To ensure a higher enrollment rate in schools and reduce the dropout rate, Kamaraj pioneered the midday meal scheme, which became his government's most well-known and widely lauded initiative. The concept of providing free midday meals to boost enrollment in schools was not entirely new to Tamil Nadu as it had existed in some form since the time of the Justice Party in the 1920s. The scheme had been tried and tested, even tweaked on multiple occasions, only to be ditched due to financial constraints. But in 1957, Kamaraj decided to throw the entire weight of his government behind the scheme as he was convinced that the goal of universal education could not be satisfied without catering to the hunger pangs of poor children. While the government bore about 60% of the expenditure, the rest was taken care of by the general public and even some private players. Citizens were also encouraged to donate rice and pulses towards the project.
At the time of the scheme's launch, it covered around 8,000 of the state's 22,000-odd schools. The government gradually expanded the scheme in a planned, phase-wise manner to cover all schools in the rural areas of the state. By 1961, the scheme covered almost 97% of the schools across the state, feeding about 13 lakh children enrolled in these schools. Kamaraj successfully roped in international players like the American International Voluntary Organization to cover schools in the urban areas. As Chief Minister, MGR would expand the scope and reach of the midday meal scheme. In the years to come, state governments across the country would launch their own midday meal schemes following Kamaraj's footsteps.
Kamaraj's contributions towards strengthening Tamil Nadu's public education system earned him the title of 'Kalavi Vallal' (Benevolent Educator).
Kamaraj's other major feat was his role in laying the foundations of modern Tamil Nadu's industrial progress. A massive rural electrification campaign was launched to give impetus to the agricultural sector. The power generation capacity of the state doubled from 220 MW in 1954 to 460 MW in 1963. By the time Kamaraj resigned as the Chief Minister to move to Delhi, the state had ranked number one in India in both urban and rural electrification.

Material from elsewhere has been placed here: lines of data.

lemma lubell_mass_le:
  assumes "1 \<le> n" "2 \<le> k" "S \<subseteq> grid k n" "0 \<le> c"
    and lower: "\<And>r. real (\<Sum>i\<le>r. card (S \<inter> grid_level k n i)) \<le> c * real (min r (k - 1) + 1) ^ (n - 1)"
    and upper: "\<And>r. r \<le> k * n - n \<Longrightarrow>
      real (\<Sum>i\<le>r. card (S \<inter> grid_level k n (k * n - n - i))) \<le> c * real (min r (k - 1) + 1) ^ (n - 1)"
  shows "lubell_mass k n S \<le> c * (real n ^ (n - 1) * (3 + 2 * real (n - 1) * ln (real (k * n - n + 1))))"
proof -
  define N where "N = k * n - n"
  define K where "K = k - 1"
  define p where "p = n - 1"
  define s where "s i = real (card (S \<inter> grid_level k n i))" for i
  define w where "w x = 1 / real (x + 1) ^ p" for x :: nat
  have s_nonneg: "0 \<le> s i" for i unfolding s_def by simp
  have "N = K * n" unfolding N_def K_def by (simp add: diff_mult_distrib)
  hence K_le: "K \<le> N" using assms(1) by simp
  have partial: "(\<Sum>i\<le>r. s i) \<le> c * real (r + 1) ^ p"
    and partial_rev: "r \<le> N \<Longrightarrow> (\<Sum>i\<le>r. s (N - i)) \<le> c * real (r + 1) ^ p" for r
  proof -
    have "c * real (min r (k - 1) + 1) ^ (n - 1) \<le> c * real (r + 1) ^ p"
      unfolding p_def using assms(4) by (intro mult_left_mono power_mono) auto
    thus "(\<Sum>i\<le>r. s i) \<le> c * real (r + 1) ^ p" "r \<le> N \<Longrightarrow> (\<Sum>i\<le>r. s (N - i)) \<le> c * real (r + 1) ^ p"
      using lower[of r] upper[of r] unfolding s_def N_def by (simp_all flip: of_nat_sum)
  qed
  have bottom: "(\<Sum>i\<le>N. s i * w i) \<le> c * (1 + real p * ln (real (N + 1)))"
    using sum_div_power_le[OF s_nonneg assms(4) partial] by (simp add: w_def)
  have "(\<Sum>i\<le>N. s i * w (N - i)) = (\<Sum>i\<le>N. s (N - i) * w i)"
    by (rule sum.reindex_bij_witness[of _ "\<lambda>i. N - i" "\<lambda>i. N - i"]) auto
  also have "\<dots> \<le> c * (1 + real p * ln (real (N + 1)))"
    using sum_div_power_le[OF s_nonneg assms(4) partial_rev] by (simp add: w_def)
  finally have top: "(\<Sum>i\<le>N. s i * w (N - i)) \<le> c * (1 + real p * ln (real (N + 1)))" .
  have "(\<Sum>i\<le>N. s i) * w K \<le> (c * real (K + 1) ^ p) * w K"
    using lower[of N] K_le unfolding s_def K_def p_def w_def
    by (intro mult_right_mono) (simp_all add: min_absorb2 flip: of_nat_sum)
  hence middle: "(\<Sum>i\<le>N. s i * w K) \<le> c" by (simp add: w_def sum_divide_distrib)
  have "lubell_mass k n S = (\<Sum>i\<le>N. s i * (1 / real (card (grid_level k n i))))"
    unfolding lubell_mass_def N_def s_def by (simp add: atMost_atLeast0)
  also have "\<dots> \<le> (\<Sum>i\<le>N. s i * (real n ^ p * (w i + w (N - i) + w K)))"
    using inverse_card_grid_level_le[OF assms(1) _ _] assms(2) s_nonneg
    by (intro sum_mono mult_left_mono) (simp_all add: N_def K_def p_def w_def)
  also have "\<dots> = real n ^ p * ((\<Sum>i\<le>N. s i * w i) + (\<Sum>i\<le>N. s i * w (N - i)) + (\<Sum>i\<le>N. s i * w K))"
    by (simp add: sum_distrib_left sum.distrib algebra_simps)
  also have "\<dots> \<le> real n ^ p * (c * (1 + real p * ln (real (N + 1))) + c * (1 + real p * ln (real (N + 1))) + c)"
    by (intro mult_left_mono add_mono bottom top middle) simp
  also have "\<dots> = c * (real n ^ (n - 1) * (3 + 2 * real (n - 1) * ln (real (k * n - n + 1))))"
    unfolding p_def N_def by (simp add: algebra_simps)
  finally show ?thesis .
qed
(* Let $T>0$, $M>0$ and $\varepsilon\in(\varepsilon_j)_{j\in\mathbb N}$ be such that $\|u_{0\varepsilon}-\varepsilon\|_{\Phi,\infty}<\infty$. Then any solution $u_\varepsilon$ of the regularized problem which satisfies $\int_\Omega|\nabla u_\varepsilon(t)|^2\le M$ for all $t\in[0,T]$ fulfils $$\|u_\varepsilon(t)-\varepsilon\|_{\Phi,\infty}\le\max\{M,\|u_{0\varepsilon}-\varepsilon\|_{\Phi,\infty}\}\quad\text{for } t\in[0,T].$$
   Context: $\Omega\subset\mathbb{R}^N$ is a bounded smooth domain; $\Phi$ solves $-\Delta\Phi=1$ in $\Omega$, $\Phi=0$ on $\partial\Omega$, and $\|v\|_{\Phi,\infty}:=\operatorname{ess\,sup}_\Omega|v/\Phi|$. $(\varepsilon_j)\subset(0,1)$ decreases to $0$; $\rho_\varepsilon(z):=\min\{z,1/\varepsilon\}$; $(u_{0\varepsilon})_{\varepsilon\in(\varepsilon_j)}\subset C^3(\bar\Omega)$ with $u_{0\varepsilon}\ge\varepsilon$ in $\Omega$, $u_{0\varepsilon}=\varepsilon$ and $\Delta u_{0\varepsilon}=-\int_\Omega|\nabla u_{0\varepsilon}|^2$ on $\partial\Omega$. The regularized problem is $u_{\varepsilon t}=u_\varepsilon\Delta u_\varepsilon+u_\varepsilon\rho_\varepsilon(\int_\Omega|\nabla u_\varepsilon|^2)$ in $\Omega\times(0,\infty)$, $u_\varepsilon=\varepsilon$ on $\partial\Omega$, $u_\varepsilon(\cdot,0)=u_{0\varepsilon}$, with classical solutions in $C^{2,1}(\bar\Omega\times[0,\infty))$. *)

theory Defs
  imports "HOL-Analysis.Analysis" "HOL-Probability.Essential_Supremum"
begin

text \<open>Functions on R^N are modelled as real ^ 'n => real (N = CARD('n)).\<close>

definition pd :: "'n::finite \<Rightarrow> (real^'n \<Rightarrow> real) \<Rightarrow> real^'n \<Rightarrow> real" where
  "pd i f x = deriv (\<lambda>s. f (x + s *\<^sub>R axis i 1)) 0"

fun dd :: "'n::finite list \<Rightarrow> (real^'n \<Rightarrow> real) \<Rightarrow> real^'n \<Rightarrow> real" where
  "dd [] f = f"
| "dd (i # is) f = pd i (dd is f)"

definition Ck :: "nat \<Rightarrow> (real^'n::finite) set \<Rightarrow> (real^'n \<Rightarrow> real) \<Rightarrow> bool" where
  "Ck k U f \<longleftrightarrow>
     (\<forall>is. length is < k \<longrightarrow> (\<forall>i. \<forall>x\<in>U. (\<lambda>s. dd is f (x + s *\<^sub>R axis i 1)) differentiable (at 0)))
   \<and> (\<forall>is. length is \<le> k \<longrightarrow> continuous_on U (dd is f))"

definition Ck_bar :: "nat \<Rightarrow> (real^'n::finite) set \<Rightarrow> (real^'n \<Rightarrow> real) \<Rightarrow> bool" where
  "Ck_bar k \<Omega> f \<longleftrightarrow> Ck k \<Omega> f \<and>
     (\<forall>is. length is \<le> k \<longrightarrow> (\<exists>h. continuous_on (closure \<Omega>) h \<and> (\<forall>x\<in>\<Omega>. h x = dd is f x)))"

definition smooth_on :: "(real^'n::finite) set \<Rightarrow> (real^'n \<Rightarrow> real) \<Rightarrow> bool" where
  "smooth_on U f \<longleftrightarrow> (\<forall>k. Ck k U f)"

definition grad :: "(real^'n::finite \<Rightarrow> real) \<Rightarrow> real^'n \<Rightarrow> real^'n" where
  "grad f x = (\<chi> i. pd i f x)"

definition lap :: "(real^'n::finite \<Rightarrow> real) \<Rightarrow> real^'n \<Rightarrow> real" where
  "lap f x = (\<Sum>i\<in>UNIV. dd [i, i] f x)"

definition dirichlet :: "(real^'n::finite) set \<Rightarrow> (real^'n \<Rightarrow> real) \<Rightarrow> real" where
  "dirichlet \<Omega> f = integral \<Omega> (\<lambda>x. (norm (grad f x))\<^sup>2)"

Central Public Sector Units (PSUs) like Integral Coach Factory, BHEL, Neyveli Lignite Corporation, Hindustan Teleprinter and Hindustan Film Workshop-all came up during the Kamaraj years. To ensure that industries do not get concentrated in a particular region of the state, consequently sowing the seeds of resentment in other areas of the state, Kamaraj cautiously took efforts to spread them across the state. More than nine industrial zones in different parts of the state employed skilled and unskilled workers and laid the solid basis for the emergence of Tamil Nadu as an industrial powerhouse.
BJP's Attempts to Appropriate Kamaraj
In the past few years, BJP leaders, especially those belonging to the party's state unit, have praised Kamaraj on several occasions and even reiterated the party's promise of bringing back Kamarajar Aatchi or Kamaraj's rule. One cannot help but notice the irony. The most striking feature of Kamaraj's administration was opening schools, colleges, and educational institutions in remote towns and villages, both big and small, to make education genuinely universal.
This principle of "universal education" or "making education accessible for all" has been religiously followed by successive state governments in Tamil Nadu, regardless of party affiliations. A large part of the credit for the success of the state's sound public education system goes to the government's commitment to making education accessible to every single student, even those residing in remote, rural areas; all of it began during the Kamaraj years.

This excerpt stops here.